What comes across so strongly in the film is how different the Beatles were from anyone else. There simply wasn’t anyone or anything quite like them in 1963 and 1964. Their impact on popular music was similar to Elvis Presley-they became a dividing line of “before the Beatles” and “after the Beatles.” If you go back and listen to “She Loves You,” and “I Want to Hold Your Hand,” there is still an amazing vitality to those records today. When you couple those thrilling sounds with the Beatles’ very revolutionary visual style, (that long hair!) you understand why everyone went crazy for them. 

Performing live for the Beatles became very difficult, as they had to play to huge crowds of screaming fans, and the inadequate sound systems of the time meant that they couldn’t hear themselves on stage. Given those limitations, as Elvis Costello reminds us in the film, it’s really remarkable how often they were in tune. I’m always amazed at George Harrison’s playing, how in concert he was able to replicate note for note the solos from the records. By 1966, the magic of touring had worn off for the Beatles, and what had been fab fun in 1964 now seemed like an onerous slog. Their music was also becoming more complicated-on their 1966 tour they never attempted to play any of the songs from their latest record, Revolver, live. And Lennon’s comments about the band being “more popular than Jesus” caused outrage in the United States, making for an uncomfortable atmosphere as they embarked on their last tour in August, 1966.

The live footage in Eight Days a Week is great fun to watch-my only quibble with the film is that it looks like some of the footage from their first American press conference and their first American concert has been colorized, which is too bad. Also, there’s no mention of Jimmy Nicol, the drummer who was briefly a Beatle when he sat in for Ringo for 8 shows in June of 1964 when Ringo recovered from a tonsillectomy. Sharp-eyed Beatle fans will notice Nicol appears briefly in some of the footage from Australia in Eight Days a Week. 

For a limited time, The Beatles at Shea Stadium will follow Eight Days a Week in theaters. Hopefully this will be an extra on the DVD. When the Beatles’ 1 DVD was released last year, we saw some footage from Shea for the “Eight Days a Week” clip, and it looked fantastic, which whetted my appetite for seeing the whole show. The Beatles at Shea Stadium is very high-quality color footage of an extremely important moment in rock and roll, as it captures the first big stadium rock concert, which would become a staple of the genre during the next decade. Before 55,000 fans, the Beatles played 12 songs, and the film captures their incredible charisma and talent. It’s amazing to watch John Lennon and Paul McCartney, two of the greatest songwriters of the 20th century, or indeed any century, share a microphone and harmonize together on “Baby’s in Black” and “Ticket to Ride.” And listen to the band’s performance: they tackle complicated songs like “Ticket to Ride,” and “I Feel Fine,” and they sound magnificent. As I noted earlier, George Harrison’s solos are superb. 

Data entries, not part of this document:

lemma weak_Lp_2_if_square_integrable:
  fixes u :: "'a::euclidean_space \<Rightarrow> real"
  assumes [measurable]: "u \<in> borel_measurable borel" and "integrable lborel (\<lambda>x. (u x)^2)"
  shows "weak_Lp 2 u"
proof -
  define I where "I = (\<integral>x. (u x)^2 \<partial>lborel)"
  have "I \<ge> 0"
    unfolding I_def by simp
  have nn_I: "(\<integral>\<^sup>+x. ennreal ((u x)^2) \<partial>lborel) = ennreal I"
    unfolding I_def using assms(2) by (rule nn_integral_eq_integral) simp
  have "emeasure lborel {x. L < \<bar>u x\<bar>} \<le> ennreal ((I + 1) * L powr (- 2))" if "L > 0" for L
  proof -
    have pointwise: "indicator {x. L < \<bar>u x\<bar>} x * ennreal (L^2) \<le> ennreal ((u x)^2)" for x
    proof (cases "L < \<bar>u x\<bar>")
      case True
      then have "L^2 \<le> \<bar>u x\<bar>^2"
        using \<open>L > 0\<close> by (intro power_mono) auto
      then show ?thesis
        using True by (simp add: ennreal_leI)
    qed simp
    have "emeasure lborel {x. L < \<bar>u x\<bar>} * ennreal (L^2)
        = (\<integral>\<^sup>+x. indicator {x. L < \<bar>u x\<bar>} x * ennreal (L^2) \<partial>lborel)"
      by (simp add: nn_integral_multc)
    also have "\<dots> \<le> ennreal I"
      unfolding nn_I[symmetric] by (intro nn_integral_mono pointwise)
    finally have "emeasure lborel {x. L < \<bar>u x\<bar>} * ennreal (L^2) \<le> ennreal I" .
    then have "emeasure lborel {x. L < \<bar>u x\<bar>} \<le> ennreal (I / L^2)"
      using \<open>L > 0\<close> \<open>I \<ge> 0\<close> by (intro ennreal_le_divide_if_mult_le) auto
    also have "I / L^2 \<le> (I + 1) * L powr (- 2)"
      using \<open>L > 0\<close> by (simp add: powr_minus powr_numeral divide_inverse mult_right_mono)
    finally show ?thesis
      by (simp add: ennreal_leI)
  qed
  then show ?thesis
    unfolding weak_Lp_def using \<open>I \<ge> 0\<close> by (intro exI[of _ "I + 1"]) auto
qed
lemma prod_Gamma_ratio_mult_eq:
  fixes \<alpha> \<gamma> :: "nat \<Rightarrow> real"
  assumes "\<And>j. j < k \<Longrightarrow> 0 < \<alpha> j" and "\<And>j. j < k \<Longrightarrow> 0 < \<gamma> j"
    and "C * (\<Prod>j<k. Beta (\<alpha> j) (\<gamma> j)) = 1"
  shows "(\<Prod>j<k. Gamma (\<alpha> j) / Gamma (\<alpha> j + \<gamma> j)) * C = (\<Prod>j<k. 1 / Gamma (\<gamma> j))"
proof -
  have "(\<Prod>j<k. Beta (\<alpha> j) (\<gamma> j)) \<noteq> 0"
    using assms(3) by (metis mult_zero_right zero_neq_one)
  with assms(3) have "C = 1 / (\<Prod>j<k. Beta (\<alpha> j) (\<gamma> j))"
    by (simp add: eq_divide_eq)
  then have "(\<Prod>j<k. Gamma (\<alpha> j) / Gamma (\<alpha> j + \<gamma> j)) * C
      = (\<Prod>j<k. Gamma (\<alpha> j) / Gamma (\<alpha> j + \<gamma> j) / Beta (\<alpha> j) (\<gamma> j))"
    by (simp only: prod_dividef) simp
  also have "\<dots> = (\<Prod>j<k. 1 / Gamma (\<gamma> j))"
  proof (intro prod.cong refl)
    fix j assume "j \<in> {..<k}"
    then have "0 < Gamma (\<alpha> j)" "0 < Gamma (\<gamma> j)" "0 < Gamma (\<alpha> j + \<gamma> j)"
      using assms(1,2) by (auto intro!: Gamma_real_pos add_pos_pos)
    then show "Gamma (\<alpha> j) / Gamma (\<alpha> j + \<gamma> j) / Beta (\<alpha> j) (\<gamma> j) = 1 / Gamma (\<gamma> j)"
      by (simp add: Beta_def field_simps)
  qed
  finally show ?thesis .
qed
lemma is_solution_char_conv:
  fixes a a1 a2 b b1 b2 :: "real \<Rightarrow> real"
  assumes da: "\<And>t. (a has_real_derivative a1 t) (at t)"
    and da1: "\<And>t. (a1 has_real_derivative a2 t) (at t)"
    and ca2: "continuous_on UNIV a2"
    and db: "\<And>x. (b has_real_derivative b1 x) (at x)"
    and db1: "\<And>x. (b1 has_real_derivative b2 x) (at x)"
    and cb2: "continuous_on UNIV b2"
    and a0: "\<And>t. t \<le> 0 \<Longrightarrow> a t = 0"
    and a10: "\<And>t. t \<le> 0 \<Longrightarrow> a1 t = 0"
    and a20: "\<And>t. t \<le> 0 \<Longrightarrow> a2 t = 0"
    and "\<bar>C\<bar> \<noteq> 1"
  shows "is_solution C (\<lambda>x t. a2 t * b x + 2*C*(a1 t * b1 x) + C^2*(a t * b2 x))
     (\<lambda>x t. a t * b x + 1/2 * (char_conv a b1 (C-1) x t - char_conv a b1 (C+1) x t))"
proof -
  have ca: "continuous_on UNIV a" and ca1: "continuous_on UNIV a1"
    and cb: "continuous_on UNIV b" and cb1: "continuous_on UNIV b1"
    using da da1 db db1 by (meson DERIV_continuous continuous_at_imp_continuous_on)+
  have "C - 1 \<noteq> 0" "C + 1 \<noteq> 0"
    using \<open>\<bar>C\<bar> \<noteq> 1\<close> by auto
  define f where "f = (\<lambda>x t. a t * b x + 1/2 * (char_conv a b1 (C-1) x t - char_conv a b1 (C+1) x t))"
  define fx where "fx = (\<lambda>x t. a t * b1 x + 1/2 * (char_conv a b2 (C-1) x t - char_conv a b2 (C+1) x t))"
  define ft where "ft = (\<lambda>x t. a1 t * b x + 1/2 * (char_conv a1 b1 (C-1) x t - char_conv a1 b1 (C+1) x t))"
  define fxx where "fxx = (\<lambda>x t. a t * b2 x + 1/2 * ((a t * b2 x - char_conv a1 b2 (C-1) x t) / (C-1)
      - (a t * b2 x - char_conv a1 b2 (C+1) x t) / (C+1)))"
  define fxt where "fxt = (\<lambda>x t. a1 t * b1 x + 1/2 * (char_conv a1 b2 (C-1) x t - char_conv a1 b2 (C+1) x t))"
  define ftt where "ftt = (\<lambda>x t. a2 t * b x + 1/2 * (char_conv a2 b1 (C-1) x t - char_conv a2 b1 (C+1) x t))"
  have dft: "((\<lambda>s. f x s) has_real_derivative ft x t) (at t)" for x t
    unfolding f_def ft_def
    by (intro DERIV_add DERIV_cmult DERIV_cmult_right DERIV_diff da
        has_real_derivative_char_conv_t[OF cb1 ca1 da a0 a10])
  have "classical_solution C (\<lambda>x t. a2 t * b x + 2*C*(a1 t * b1 x) + C^2*(a t * b2 x))
      f fx ft fxx fxt fxt ftt"
    unfolding classical_solution_def
  proof (intro conjI allI impI)
    fix x t :: real
    show "((\<lambda>y. f y t) has_real_derivative fx x t) (at x)"
      unfolding f_def fx_def
      by (intro DERIV_add DERIV_cmult DERIV_diff db has_real_derivative_char_conv_x[OF ca cb2 db1])
    show "((\<lambda>s. f x s) has_real_derivative ft x t) (at t)"
      by (rule dft)
    txt \<open>\<open>b2\<close> is only continuous, so the space derivative of \<open>char_conv a b2\<close> is taken after
      integrating by parts.\<close>
    show "((\<lambda>y. fx y t) has_real_derivative fxx x t) (at x)"
      unfolding fx_def fxx_def
      by (intro DERIV_add DERIV_cmult DERIV_diff db1 \<open>C - 1 \<noteq> 0\<close> \<open>C + 1 \<noteq> 0\<close>
          has_real_derivative_char_conv_x_by_parts[OF da ca1 db1 cb2 a0])
    show "((\<lambda>s. fx x s) has_real_derivative fxt x t) (at t)"
      unfolding fx_def fxt_def
      by (intro DERIV_add DERIV_cmult DERIV_cmult_right DERIV_diff da
          has_real_derivative_char_conv_t[OF cb2 ca1 da a0 a10])
    show "((\<lambda>y. ft y t) has_real_derivative fxt x t) (at x)"
      unfolding ft_def fxt_def
      by (intro DERIV_add DERIV_cmult DERIV_diff db has_real_derivative_char_conv_x[OF ca1 cb2 db1])
    show "((\<lambda>s. ft x s) has_real_derivative ftt x t) (at t)"
      unfolding ft_def ftt_def
      by (intro DERIV_add DERIV_cmult DERIV_cmult_right DERIV_diff da1
          has_real_derivative_char_conv_t[OF cb1 ca2 da1 a10 a20])
    show "((\<lambda>s. f x s) has_real_derivative ft x 0) (at_right 0)"
      using dft by (rule has_field_derivative_at_within)
    show "f x 0 = 0" "ft x 0 = 0"
      by (simp_all add: f_def ft_def char_conv_def a0 a10)
    have "ftt x t + C * fxt x t + C * fxt x t + C^2 * fxx x t - fxx x t
        = ftt x t + 2 * C * fxt x t + (C^2 - 1) * fxx x t"
      by (simp add: algebra_simps)
    also have "\<dots> = a2 t * b x + 2*C*(a1 t * b1 x) + C^2*(a t * b2 x)"
      unfolding ftt_def fxt_def fxx_def
      by (rule char_conv_wave_identity[OF da1 ca2 db1 cb2 a10 \<open>\<bar>C\<bar> \<noteq> 1\<close>])
    finally show "ftt x t + C * fxt x t + C * fxt x t + C^2 * fxx x t - fxx x t
        = a2 t * b x + 2*C*(a1 t * b1 x) + C^2*(a t * b2 x)" .
  next
    note cc = continuous_on_char_conv[OF ca cb1 a0] continuous_on_char_conv[OF ca cb2 a0]
      continuous_on_char_conv[OF ca1 cb1 a10] continuous_on_char_conv[OF ca1 cb2 a10]
      continuous_on_char_conv[OF ca2 cb1 a20]
    have cab: "continuous_on S (\<lambda>p. a (snd p))" "continuous_on S (\<lambda>p. a1 (snd p))"
      "continuous_on S (\<lambda>p. a2 (snd p))" "continuous_on S (\<lambda>p. b (fst p))"
      "continuous_on S (\<lambda>p. b1 (fst p))" "continuous_on S (\<lambda>p. b2 (fst p))"
      for S :: "(real \<times> real) set"
      by (intro continuous_intros continuous_on_compose2[OF ca] continuous_on_compose2[OF ca1]
          continuous_on_compose2[OF ca2] continuous_on_compose2[OF cb] continuous_on_compose2[OF cb1]
          continuous_on_compose2[OF cb2]; auto)+
    show "continuous_on (UNIV \<times> {0<..}) (\<lambda>(x,t). fx x t)"
      "continuous_on (UNIV \<times> {0<..}) (\<lambda>(x,t). fxx x t)"
      "continuous_on (UNIV \<times> {0<..}) (\<lambda>(x,t). fxt x t)"
      "continuous_on (UNIV \<times> {0<..}) (\<lambda>(x,t). fxt x t)"
      "continuous_on (UNIV \<times> {0<..}) (\<lambda>(x,t). ftt x t)"
      "continuous_on (UNIV \<times> {0..}) (\<lambda>(x,t). f x t)"
      "continuous_on (UNIV \<times> {0..}) (\<lambda>(x,t). ft x t)"
      unfolding f_def fx_def ft_def fxx_def fxt_def ftt_def split_beta
      using \<open>C - 1 \<noteq> 0\<close> \<open>C + 1 \<noteq> 0\<close> by (intro continuous_intros cc cab; simp)+
  qed
  then show ?thesis
    unfolding is_solution_iff_classical_solution f_def by blast
qed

Eight Days a Week is essential viewing for any Beatle fan, or anyone who enjoys great music.

Friday, September 16, 2016

Book Review: The Kingdom of Speech, by Tom Wolfe (2016)

Cover of The Kingdom of Speech, by Tom Wolfe, 2016. Taken, of course, on my Tom Wolfe bookshelf. (Photo by Mark C. Taylor.)

Tom Wolfe is still rocking those white suits!
Yes! Tom Wolfe is back!!! The sharply-dressed wordsmith returns with The Kingdom of Speech, his first non-fiction work since his 2000 collection of essays, Hooking Up. But you have to go back to 1981 and From Bauhaus to Our House to find Wolfe’s last extended, book-length piece of non-fiction. That seems fitting, because The Kingdom of Speech fits in well with From Bauhaus to Our House, Wolfe’s scathing critique of modern architecture, and The Painted Word, his 1975 lambasting of the modern art scene.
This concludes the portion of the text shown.